- **SOURCE MATERIAL**:

definition NBT :: "(nat \<Rightarrow> 'v macro) \<Rightarrow> bool" where
  "NBT ms \<longleftrightarrow> \<not> (\<exists>vs ks. bad_trace ms vs ks)"

definition local_strategy :: "('v, 'p) pformula \<Rightarrow> ('v \<Rightarrow> 'v) \<Rightarrow> bool" where
  "local_strategy G \<chi> \<longleftrightarrow> (\<forall>v \<in> Vlab G LOr. \<chi> v \<in> succs G v)"

inductive_set SP :: "('v, 'p) pformula \<Rightarrow> ('v \<Rightarrow> 'v) \<Rightarrow> 'v \<Rightarrow> 'v list set"
  for G :: "('v, 'p) pformula" and \<chi> :: "'v \<Rightarrow> 'v" and v :: 'v where
  sp_or: "v \<in> Vlab G LOr \<Longrightarrow> [v, \<chi> v] \<in> SP G \<chi> v"
| sp_and: "v \<in> Vlab G LAnd \<Longrightarrow> w \<in> succs G v \<Longrightarrow> [v, w] \<in> SP G \<chi> v"
| sp_or_step: "\<pi> \<in> SP G \<chi> v \<Longrightarrow> last \<pi> \<in> Vlab G LOr \<Longrightarrow> \<pi> @ [\<chi> (last \<pi>)] \<in> SP G \<chi> v"
| sp_and_step: "\<pi> \<in> SP G \<chi> v \<Longrightarrow> last \<pi> \<in> Vlab G LAnd \<Longrightarrow> w \<in> succs G (last \<pi>) \<Longrightarrow> \<pi> @ [w] \<in> SP G \<chi> v"

definition Om_path :: "('v, 'p) pformula \<Rightarrow> 'v list \<Rightarrow> nat" where
  "Om_path G \<pi> = Max (pOm G ` set (tl \<pi>))"

definition e_minus :: "('v, 'p) pformula \<Rightarrow> ('v \<Rightarrow> 'v) \<Rightarrow> 'v macro" where
  "e_minus G \<chi> = {(v, Om_path G \<pi>, last \<pi>) | v \<pi>. v \<in> Vlab G LOr \<union> Vlab G LAnd \<and> \<pi> \<in> SP G \<chi> v}"

definition e_chi :: "('v, 'p) pformula \<Rightarrow> ('v \<Rightarrow> 'v) \<Rightarrow> 'v macro" where
  "e_chi G \<chi> = e_minus G \<chi> \<union> Delta (pV G)"

definition locally_compatible :: "('v, 'p) pformula \<Rightarrow> ('v \<Rightarrow> 'v) \<Rightarrow> 'p set \<Rightarrow> 'v macro \<Rightarrow> bool" where
  "locally_compatible G \<chi> c m \<longleftrightarrow>
     compatible G (Ran_m (m ;; e_chi G \<chi>)) c \<and>
     NBT (\<lambda>i. if i = 0 then m else e_minus G \<chi>)"
lemma one_triangle_key_bound:
  fixes L YT YI n bT bI r e eb :: real
  assumes Lsum: "L = YT + YI" and ET: "L * YT = 3 + 2 * YT + bT" and EI: "L * YI = n + bI"
    and L3: "L > 3" and Hm: "5 + n + r + e + eb \<le> L^2 - L"
  shows "L^2 - 10 + (L - 2) * (r + e + eb - bI) \<le> L * bT"
proof -
  have e1: "(L - 2) * YI = (L - 2) * L - 3 - bT"
    using ET Lsum by (simp add: algebra_simps)
  have "(L - 2) * n = (L - 2) * (L * YI) - (L - 2) * bI"
    using EI by (simp add: algebra_simps)
  also have "(L - 2) * (L * YI) = L * ((L - 2) * YI)"
    by (simp add: algebra_simps)
  finally have e2: "(L - 2) * n = L * ((L - 2) * L - 3 - bT) - (L - 2) * bI"
    using e1 by simp
  have "(L - 2) * (5 + n + r + e + eb) \<le> (L - 2) * (L^2 - L)"
    using Hm L3 by (intro mult_left_mono) auto
  then have "(L - 2) * (5 + r + e + eb) + (L - 2) * n \<le> (L - 2) * (L^2 - L)"
    by (simp add: algebra_simps)
  then have "(L - 2) * (5 + r + e + eb) + L * ((L - 2) * L - 3 - bT) - (L - 2) * bI
              \<le> (L - 2) * (L^2 - L)"
    using e2 by simp
  then show ?thesis
    by (simp add: algebra_simps power2_eq_square power3_eq_cube)
qed

lemma one_triangle_numerics:
  fixes L YT YI n bT bI r e eb m :: real
  assumes Lsum: "L = YT + YI" and ET: "L * YT = 3 + 2 * YT + bT" and EI: "L * YI = n + bI"
    and M: "m = 6 + n + r + e + eb" and F3: "L * bT \<le> r + e + 2 * eb"
    and "YT \<le> 3" "0 \<le> bT" "bT \<le> r" "bI \<le> e" "0 \<le> eb"
    and r01: "r = 0 \<or> r \<ge> 1" and n012: "n = 0 \<and> YI = 0 \<or> n = 1 \<or> n \<ge> 2"
    and L3: "L > 3" and "8 \<le> m" and H: "m - 1 \<le> L^2 - L"
  shows False
proof -
  have Hm: "5 + n + r + e + eb \<le> L^2 - L"
    using H M by simp
  note K = one_triangle_key_bound[OF Lsum ET EI L3 Hm]
  have "(L - 2) * (e - bI) \<ge> 0"
    using \<open>bI \<le> e\<close> L3 by simp
  then have star: "L - 5 + n + (L - 2) * r + (L - 3) * eb \<le> 0"
    using K F3 Hm by (simp add: algebra_simps)
  have "(L - 2) * r \<ge> 0" "(L - 3) * eb \<ge> 0"
    using L3 \<open>0 \<le> eb\<close> r01 by auto
  show False
    using n012
  proof (elim disjE conjE)
    assume "n = 0" "YI = 0"
    then show False
      using Lsum \<open>YT \<le> 3\<close> L3 by simp
  next
    assume n1: "n = 1"
    show False
    proof (cases "r = 0")
      case True
      then have "0 \<ge> L^2 - 10 + (L - 2) * (e + eb - bI)"
        using K \<open>0 \<le> bT\<close> \<open>bT \<le> r\<close> by simp
      moreover have "(L - 2) * (e + eb - bI) \<ge> 0"
        using \<open>bI \<le> e\<close> \<open>0 \<le> eb\<close> L3 by simp
      moreover have "L^2 \<ge> L + 7"
        using Hm M \<open>8 \<le> m\<close> by linarith
      ultimately show False
        using L3 by linarith
    next
      case False
      then have "(L - 2) * r \<ge> (L - 2) * 1"
        using r01 L3 by (intro mult_left_mono) auto
      then have "(L - 2) * r \<ge> L - 2"
        by simp
      then show False
        using star n1 \<open>(L - 3) * eb \<ge> 0\<close> L3 by linarith
    qed
  next
    assume "n \<ge> 2"
    then show False
      using star \<open>(L - 2) * r \<ge> 0\<close> \<open>(L - 3) * eb \<ge> 0\<close> L3 by linarith
  qed
qed
lemma pmf_map_add_mod_pair_pmf:
  fixes M N :: "int pmf"
  assumes "set_pmf M \<subseteq> Zp p" "set_pmf N \<subseteq> Zp p" "c \<in> Zp p"
  shows "pmf (map_pmf (\<lambda>(a, b). (a + b) mod p) (pair_pmf M N)) c =
    (\<Sum>a\<in>Zp p. pmf M a * pmf N ((c - a) mod p))"
proof -
  let ?P = "pair_pmf M N" and ?f = "\<lambda>(a, b). (a + b) mod p"
  define T where "T = (\<lambda>a. (a, (c - a) mod p)) ` Zp p"
  have "set_pmf ?P \<subseteq> Zp p \<times> Zp p"
    using assms(1,2) by auto
  moreover have "?f (a, b) = c \<longleftrightarrow> (a, b) \<in> T" if "a \<in> Zp p" "b \<in> Zp p" for a b
    using that add_mod_eq_iff[OF that(2) assms(3)] by (auto simp: T_def)
  ultimately have preimage: "?f -` {c} \<inter> set_pmf ?P = T \<inter> set_pmf ?P"
    by auto
  have "pmf (map_pmf ?f ?P) c = measure ?P (?f -` {c} \<inter> set_pmf ?P)"
    unfolding pmf_map by (rule measure_Int_set_pmf[symmetric])
  also have "\<dots> = measure ?P T"
    unfolding preimage by (rule measure_Int_set_pmf)
  also have "\<dots> = (\<Sum>ab\<in>T. pmf ?P ab)"
    by (rule measure_measure_pmf_finite) (simp add: T_def Zp_def)
  also have "\<dots> = (\<Sum>a\<in>Zp p. pmf M a * pmf N ((c - a) mod p))"
    unfolding T_def by (subst sum.reindex) (auto intro: inj_onI simp: pmf_pair)
  finally show ?thesis .
qed

(* Every cosine is written with an argument of the shape \<kappa> * a + m, as required by
   sum_char_re_linear_eq_0. *)
lemma cos_density_mult_expand:
  assumes "p > 0" "a \<in> Zp p"
  shows "cos_density p j a * cos_density p k ((c - a) mod p) =
    (1 + char_re p (j * a + 0) + char_re p ((- k) * a + k * c)
      + (char_re p ((j + k) * a + - (k * c)) + char_re p ((j - k) * a + k * c)) / 2) / of_int p ^ 2"
proof -
  let ?w = "char_re p"
  have dj: "cos_density p j a = (1 + ?w (j * a + 0)) / p"
    using assms(2) by (simp add: cos_density_def)
  have "?w (k * ((c - a) mod p)) = ?w ((- k) * a + k * c)"
    by (rule char_re_cong) (simp add: mod_mult_right_eq algebra_simps)
  moreover have "(c - a) mod p \<in> Zp p" using assms(1) by (simp add: Zp_def)
  ultimately have dk: "cos_density p k ((c - a) mod p) = (1 + ?w ((- k) * a + k * c)) / p"
    unfolding cos_density_def by simp
  have prod: "?w (j * a + 0) * ?w ((- k) * a + k * c)
      = (?w ((j + k) * a + - (k * c)) + ?w ((j - k) * a + k * c)) / 2"
    by (subst char_re_mult) (simp add: algebra_simps)
  have expand: "(1 + x) / q * ((1 + y) / q) = (1 + x + y + x * y) / q ^ 2" for x y q :: real
    by (simp add: power2_eq_square algebra_simps)
  show ?thesis
    unfolding dj dk expand prod ..
qed

lemma cos_density_convolution:
  assumes "p > 0" and "\<not> p dvd j" "\<not> p dvd k" "\<not> p dvd (j + k)" "\<not> p dvd (j - k)"
  shows "(\<Sum>a\<in>Zp p. cos_density p j a * cos_density p k ((c - a) mod p)) = 1 / p"
proof -
  let ?w = "char_re p"
  have "(\<Sum>a\<in>Zp p. cos_density p j a * cos_density p k ((c - a) mod p)) =
      (\<Sum>a\<in>{0..<p}. (1 + ?w (j * a + 0) + ?w ((- k) * a + k * c)
        + (?w ((j + k) * a + - (k * c)) + ?w ((j - k) * a + k * c)) / 2) / of_int p ^ 2)"
    using assms(1) by (intro sum.cong) (auto simp: Zp_def cos_density_mult_expand)
  also have "\<dots> = (real (nat p) + (\<Sum>a\<in>{0..<p}. ?w (j * a + 0)) + (\<Sum>a\<in>{0..<p}. ?w ((- k) * a + k * c))
      + ((\<Sum>a\<in>{0..<p}. ?w ((j + k) * a + - (k * c))) + (\<Sum>a\<in>{0..<p}. ?w ((j - k) * a + k * c))) / 2)
      / of_int p ^ 2"
    by (simp only: sum_divide_distrib[symmetric] sum.distrib sum_constant) simp
  also have "\<dots> = 1 / p"
  proof -
    have "(\<Sum>a\<in>{0..<p}. ?w (j * a + 0)) = 0" "(\<Sum>a\<in>{0..<p}. ?w ((- k) * a + k * c)) = 0"
      "(\<Sum>a\<in>{0..<p}. ?w ((j + k) * a + - (k * c))) = 0" "(\<Sum>a\<in>{0..<p}. ?w ((j - k) * a + k * c)) = 0"
      by (rule sum_char_re_linear_eq_0; use assms in simp)+
    then show ?thesis using assms(1) by (simp add: power2_eq_square)
  qed
  finally show ?thesis .
qed
(* Let $G$ be a commutative group, $H$ its torsion subgroup, and $U\subset G$ a nonempty finite set. If $U$ is contained in a single coset of $H$, then \[ \alpha(U)=\alpha'(U)=\alpha''(U)=\beta(U)=\beta'(U)=\beta''(U)=1; \] otherwise $\beta(U)\ge2$ and $\alpha(U)\ge3/2$.
   Context: With $A,B$ ranging over nonempty finite subsets of $G$: $\alpha(U)=\inf_{A\supset U,B\supset U}\frac{|A+B|}{\sqrt{|A||B|}}$; $\alpha'(U)=\inf_{A\supset U,B\supset U,|A|=|B|}\frac{|A+B|}{|A|}$; $\alpha''(U)=\inf_{A\supset U}\frac{|A+A|}{|A|}$; $\beta(U)=\inf_{A,B}\frac{|A+B+U|}{\sqrt{|A||B|}}$; $\beta'(U)=\inf_{A,B,|A|=|B|}\frac{|A+B+U|}{\sqrt{|A||B|}}$; $\beta''(U)=\inf_A\frac{|A+A+U|}{|A|}$. *)

theory Defs
  imports Main Complex_Main
begin

definition sumset :: "'a::ab_group_add set \<Rightarrow> 'a set \<Rightarrow> 'a set" where
  "sumset A B = {a + b | a b. a \<in> A \<and> b \<in> B}"

definition nmul :: "nat \<Rightarrow> 'a::ab_group_add \<Rightarrow> 'a" where
  "nmul n x = (\<Sum>i<n. x)"

definition torsion :: "'a::ab_group_add set" where
  "torsion = {x. \<exists>n>0. nmul n x = 0}"

definition in_single_torsion_coset :: "'a::ab_group_add set \<Rightarrow> bool" where
  "in_single_torsion_coset U \<longleftrightarrow> (\<exists>g. \<forall>u\<in>U. u - g \<in> torsion)"
lemma lollipop_card:
  assumes "is_lollipop inc P x"
  shows "card (edges P) = card (verts P)"
proof -
  obtain C Q y where C: "is_cycle inc C" and Q: "is_path inc Q y x" and V: "verts C \<inter> verts Q = {y}"
    and E: "edges C \<inter> edges Q = {}" and P: "P = graph_union C Q"
    using assms by (rule lollipop_parts)
  have fin: "finite (verts C)" "finite (edges C)" "finite (verts Q)" "finite (edges Q)"
    using C Q unfolding is_cycle_def is_path_def is_graph_def by auto
  have "card (verts P) + 1 = card (verts C) + card (verts Q)"
    using card_Un_Int[OF fin(1,3)] V P by simp
  moreover have "card (edges P) = card (edges C) + card (edges Q)"
    using card_Un_disjoint[OF fin(2,4) E] P by simp
  ultimately show ?thesis using cycle_card[OF C] path_card[OF Q] by simp
qed

lemma lollipop_end_leaf:
  assumes "is_lollipop inc P x"
  shows "is_leaf inc P x"
proof -
  obtain C Q y where C: "is_cycle inc C" and Q: "is_path inc Q y x" and V: "verts C \<inter> verts Q = {y}"
    and P: "P = graph_union C Q"
    using assms by (rule lollipop_parts)
  have "x \<notin> verts C" using V path_ends[OF Q] by auto
  then have "x \<notin> inc e" if "e \<in> edges C" for e
    using C that unfolding is_cycle_def is_graph_def by auto
  then have "{f \<in> edges P. x \<in> inc f} = {f \<in> edges Q. x \<in> inc f}" using P by auto
  then show ?thesis using path_end_leaf[OF Q] P unfolding is_leaf_def by auto
qed

lemma lollipop_nonpendant:
  assumes "is_lollipop inc P x" "v \<in> verts P" "v \<noteq> x"
  shows "nonpendant inc P v"
proof -
  obtain C Q y where C: "is_cycle inc C" and Q: "is_path inc Q y x" and V: "verts C \<inter> verts Q = {y}"
    and P: "P = graph_union C Q"
    using assms(1) by (rule lollipop_parts)
  show ?thesis
  proof (cases "v \<in> verts C")
    case True
    then show ?thesis using nonpendant_mono[OF cycle_nonpendant[OF C True]] P by simp
  next
    case False
    then have "v \<in> verts Q" "v \<noteq> y" using assms(2) V P by auto
    then show ?thesis using nonpendant_mono[OF path_inner_nonpendant[OF Q _ _ assms(3)]] P by simp
  qed
qed

lemma lollipop_is_graph:
  assumes "is_lollipop inc P x"
  shows "is_graph inc P"
proof -
  obtain C Q y where "is_cycle inc C" "is_path inc Q y x" "P = graph_union C Q"
    using assms by (rule lollipop_parts)
  then show ?thesis using is_graph_union path_is_graph unfolding is_cycle_def by metis
qed

lemma lollipop_connected:
  assumes "is_lollipop inc P x"
  shows "connected inc P"
proof -
  obtain C Q y where C: "is_cycle inc C" and Q: "is_path inc Q y x" and V: "verts C \<inter> verts Q = {y}"
    and P: "P = graph_union C Q"
    using assms by (rule lollipop_parts)
  have "connected inc C" using C unfolding is_cycle_def by simp
  moreover have "y \<in> verts C" "y \<in> verts Q" using V by auto
  ultimately show ?thesis using connected_union path_connected[OF Q] P by metis
qed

- **THE PROBLEM**: Write out exactly the lines from the start of the material through the line with "succs G (last". No other output is expected.

- **YOUR RESPONSE**:
definition NBT :: "(nat \<Rightarrow> 'v macro) \<Rightarrow> bool" where
  "NBT ms \<longleftrightarrow> \<not> (\<exists>vs ks. bad_trace ms vs ks)"

definition local_strategy :: "('v, 'p) pformula \<Rightarrow> ('v \<Rightarrow> 'v) \<Rightarrow> bool" where
  "local_strategy G \<chi> \<longleftrightarrow> (\<forall>v \<in> Vlab G LOr. \<chi> v \<in> succs G v)"

inductive_set SP :: "('v, 'p) pformula \<Rightarrow> ('v \<Rightarrow> 'v) \<Rightarrow> 'v \<Rightarrow> 'v list set"
  for G :: "('v, 'p) pformula" and \<chi> :: "'v \<Rightarrow> 'v" and v :: 'v where
  sp_or: "v \<in> Vlab G LOr \<Longrightarrow> [v, \<chi> v] \<in> SP G \<chi> v"
| sp_and: "v \<in> Vlab G LAnd \<Longrightarrow> w \<in> succs G v \<Longrightarrow> [v, w] \<in> SP G \<chi> v"
| sp_or_step: "\<pi> \<in> SP G \<chi> v \<Longrightarrow> last \<pi> \<in> Vlab G LOr \<Longrightarrow> \<pi> @ [\<chi> (last \<pi>)] \<in> SP G \<chi> v"
| sp_and_step: "\<pi> \<in> SP G \<chi> v \<Longrightarrow> last \<pi> \<in> Vlab G LAnd \<Longrightarrow> w \<in> succs G (last \<pi>) \<Longrightarrow> \<pi> @ [w] \<in> SP G \<chi> v"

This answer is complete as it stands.